Так из очерков о людях сороковых и шестидесятых годов, о Погодине и славянофилах зарождается «История русской общественной мысли», — широко задуманный обзор всей русской истории в свете марксизма. любовью и увлечением отдается Плеханов этой работе, собирает материалы, читает старых, давно забытых авторов, мало кому известных публицистов русского средневековья. Конечно, он подходит ко всем историческим явлениям, как марксист. Классовая точка зрения не покидает его, и за всеми общественными столкновениями он ищет конфликта социально-экономических сил и групп. Но пред ним развертывается вся русская история — стало быть, вся Россия в лице ее подвижников и мыслителей, борцов за культуру, за свободу мысли и совести, и становится ясным и понятным духовное родство между иным пламенным проповедником-обличителем XVI века и публицистами сороковых и шестидесятых годов нашего века. Плеханов переделывал обычные представления о русской истории. Но и русская история переделала обычные представления о Плеханове. Его не случайно потянуло к истории русской общественной мысли, то есть истории русской интеллигенции. Он сам был русским интеллигентом. Не как посторонний наблюдатель, не как бесстрастный ученый описывает он борьбу западного и восточного влияний в московской Руси, при Иване Грозном, при Петре. Он сам участвует в споре между Иваном и Курбским, полемизирует с Крижаничем, сочувствует первым просветителям допетровского времени. Россия проходит перед ним со всеми своими национальными особенностями, — близкая Плеханову и родная. Он оставался эмигрантом, почти безвыездным жителем Женевы; о возвращении на родину ему и думать нельзя было. И в этой исторической России он находил свое отечество, родину, которую не переставал любить. Он жил в русском мире, среди русских людей. Странно, если бы он стал скрывать свою любовь к ним. Он не мог скрыть ее. Он уже в книге о Чернышевском писал о своем благоговейном отношении к Белинскому. Как тепло пишет он о первых русских публицистах, изнемогавших в борьбе с темнотой и дикостью допетровской Руси. И если патриотизм — это любовь и особый интерес к своему народу, к своей истории, то книга Плеханова «История русской общественной мысли» — это патриотическая книга, и появление новой, национальной черты в мышлении и творчестве Плеханова, его социалистическое «грехопадение» надо отнести еще к довоенному времени.

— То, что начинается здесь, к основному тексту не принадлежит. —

lemma ext_ideal_prime:
  assumes sub: "subring_of D" and pr: "prime_ideal_of D P"
  shows "prime_ideal_of (polyring D) (ext_ideal P)"
  unfolding ext_ideal_eq
proof (rule prime_ideal_of_polyringI[OF sub])
  have idl: "ideal_of D P" using pr unfolding prime_ideal_of_def by blast
  note I = ideal_ofD[OF sub idl]
  show "polys_over P \<subseteq> polys_over D" by (rule polys_over_mono[OF I(1)])
  show "0 \<in> polys_over P" unfolding polys_over_def using I(2) by simp
  show "\<And>a b. a \<in> polys_over P \<Longrightarrow> b \<in> polys_over P \<Longrightarrow> a + b \<in> polys_over P"
    by (rule polys_over_add(1)[OF sub idl])
  show "\<And>r a. r \<in> polys_over D \<Longrightarrow> a \<in> polys_over P \<Longrightarrow> r * a \<in> polys_over P"
    by (rule polys_over_mult[OF sub idl])
  show "1 \<notin> polys_over P"
    using one_not_in_prime_ideal[OF sub pr] unfolding polys_over_def by (auto intro!: exI[of _ 0])
  show "\<And>f g. f \<in> polys_over D \<Longrightarrow> g \<in> polys_over D \<Longrightarrow> f * g \<in> polys_over P
      \<Longrightarrow> f \<in> polys_over P \<or> g \<in> polys_over P"
    by (rule polys_over_prime[OF sub pr])
qed

definition X_ideal :: "'a::field set \<Rightarrow> 'a set \<Rightarrow> 'a poly fract set" where
  "X_ideal D P = to_fract ` {p \<in> polys_over D. coeff p 0 \<in> P}"

lemma X_ideal_prime:
  assumes sub: "subring_of D" and pr: "prime_ideal_of D P"
  shows "prime_ideal_of (polyring D) (X_ideal D P)"
  unfolding X_ideal_def
proof (rule prime_ideal_of_polyringI[OF sub])
  have idl: "ideal_of D P" using pr unfolding prime_ideal_of_def by blast
  note I = ideal_ofD[OF sub idl] and D = ideal_of_self[OF sub]
  show "{p \<in> polys_over D. coeff p 0 \<in> P} \<subseteq> polys_over D" by blast
  show "0 \<in> {p \<in> polys_over D. coeff p 0 \<in> P}"
    using I(2) subring_ofD(1)[OF sub] unfolding polys_over_def by simp
  show "a + b \<in> {p \<in> polys_over D. coeff p 0 \<in> P}"
    if "a \<in> {p \<in> polys_over D. coeff p 0 \<in> P}" "b \<in> {p \<in> polys_over D. coeff p 0 \<in> P}" for a b
    using that polys_over_add(1)[OF sub D] I(3) by simp
  show "r * a \<in> {p \<in> polys_over D. coeff p 0 \<in> P}"
    if "r \<in> polys_over D" "a \<in> {p \<in> polys_over D. coeff p 0 \<in> P}" for r a
    using that polys_over_mult[OF sub D] I(4) unfolding polys_over_def
    by (simp add: coeff_mult)
  show "1 \<notin> {p \<in> polys_over D. coeff p 0 \<in> P}"
    using one_not_in_prime_ideal[OF sub pr] by simp
  show "f \<in> {p \<in> polys_over D. coeff p 0 \<in> P} \<or> g \<in> {p \<in> polys_over D. coeff p 0 \<in> P}"
    if "f \<in> polys_over D" "g \<in> polys_over D" "f * g \<in> {p \<in> polys_over D. coeff p 0 \<in> P}" for f g
    using that prime_ideal_ofD[OF pr, of "coeff f 0" "coeff g 0"] unfolding polys_over_def
    by (simp add: coeff_mult)
qed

Конечно, Плеханов отнюдь не считает себя отклонившимся от «ортодоксии». Напротив, его прямая задача установить ортодоксальный марксистский взгляд на историю русской общественной мысли. Книга начинается словами: «Ход развития общественной определяется ходом развития общественной

Эта фраза повторяется часто, даже слишком часто. Она начинает звучать как заклинание. Но что из того? Кто читает книгу, тот убеждается, что она звучит все-таки не так, как в книге Бельтова, и что элементы и особенности русского общественного сознания привлекают к себе внимание Плеханова в гораздо большей степени, чем прежде. Но не в этом дело. Есть другая интересная черта в Плеханове десятых годов нашего столетия. Сорок лет назад Плеханов должен был доказать тождественность русского исторического процесса с западно-европейским. Это была нелегкая задача. Защите этого взгляда он посвятил почти всю свою жизнь. Но теперь, когда уж никто не решился бы оспаривать это положение, Плеханов берет на себя другую задачу: с той же марксистской точки зрения показать своеобразие русского исторического процесса. Да, Россия идет по тому же пути, что и Европа, но идет по-своему, не так, как Европа. И особенность исторического развития России — в исключительной роли государственности ее, заглушавшей личность. Складываясь, как держава европейская, Россия отразила на себе черты восточной деспотии. Идеи политической свободы, демократии, личного достоинства развивались в России слабее, чем в Европе. Эта особенность русского общественного сознания коренилась в особенностях русского общественного бытия; но с каким глубоким сочувствием говорит Плеханов о тех русских мыслителях, которые во имя прав личности боролись с захлестывавшим их традиционным холопством, гибли, но не сдавались. Вместе с другими историками Плеханов признает, что в известной полемике Ивана с князем Курбским первый защищал строй, более по тому времени прогрессивный, а Курбский отстаивал реакционную старину. И все же симпатии Плеханова на стороне Курбского. «В нем нет холопского настроения, — говорит Плеханов. В его лице московский боярин отказывается сложить свое человеческое достоинство к ногам государя. Поэтому его консерватизм много симпатичнее, нежели новаторство Ивана IV» (I, 192). Это не случайное замечание. Книга Плеханова весьма далека от сухого объективизма. Напротив, она субъективна. Реформы Петра Великого чрезвычайно ускорили процесс исторического отождествления России с Европой. Но Плеханов, не скрывая своих симпатий и антипатий, показывает, как искажен и задержан был этот процесс подавлением личности русского человека ростом холопства, усилением черт восточного деспотизма в новом общественном строе.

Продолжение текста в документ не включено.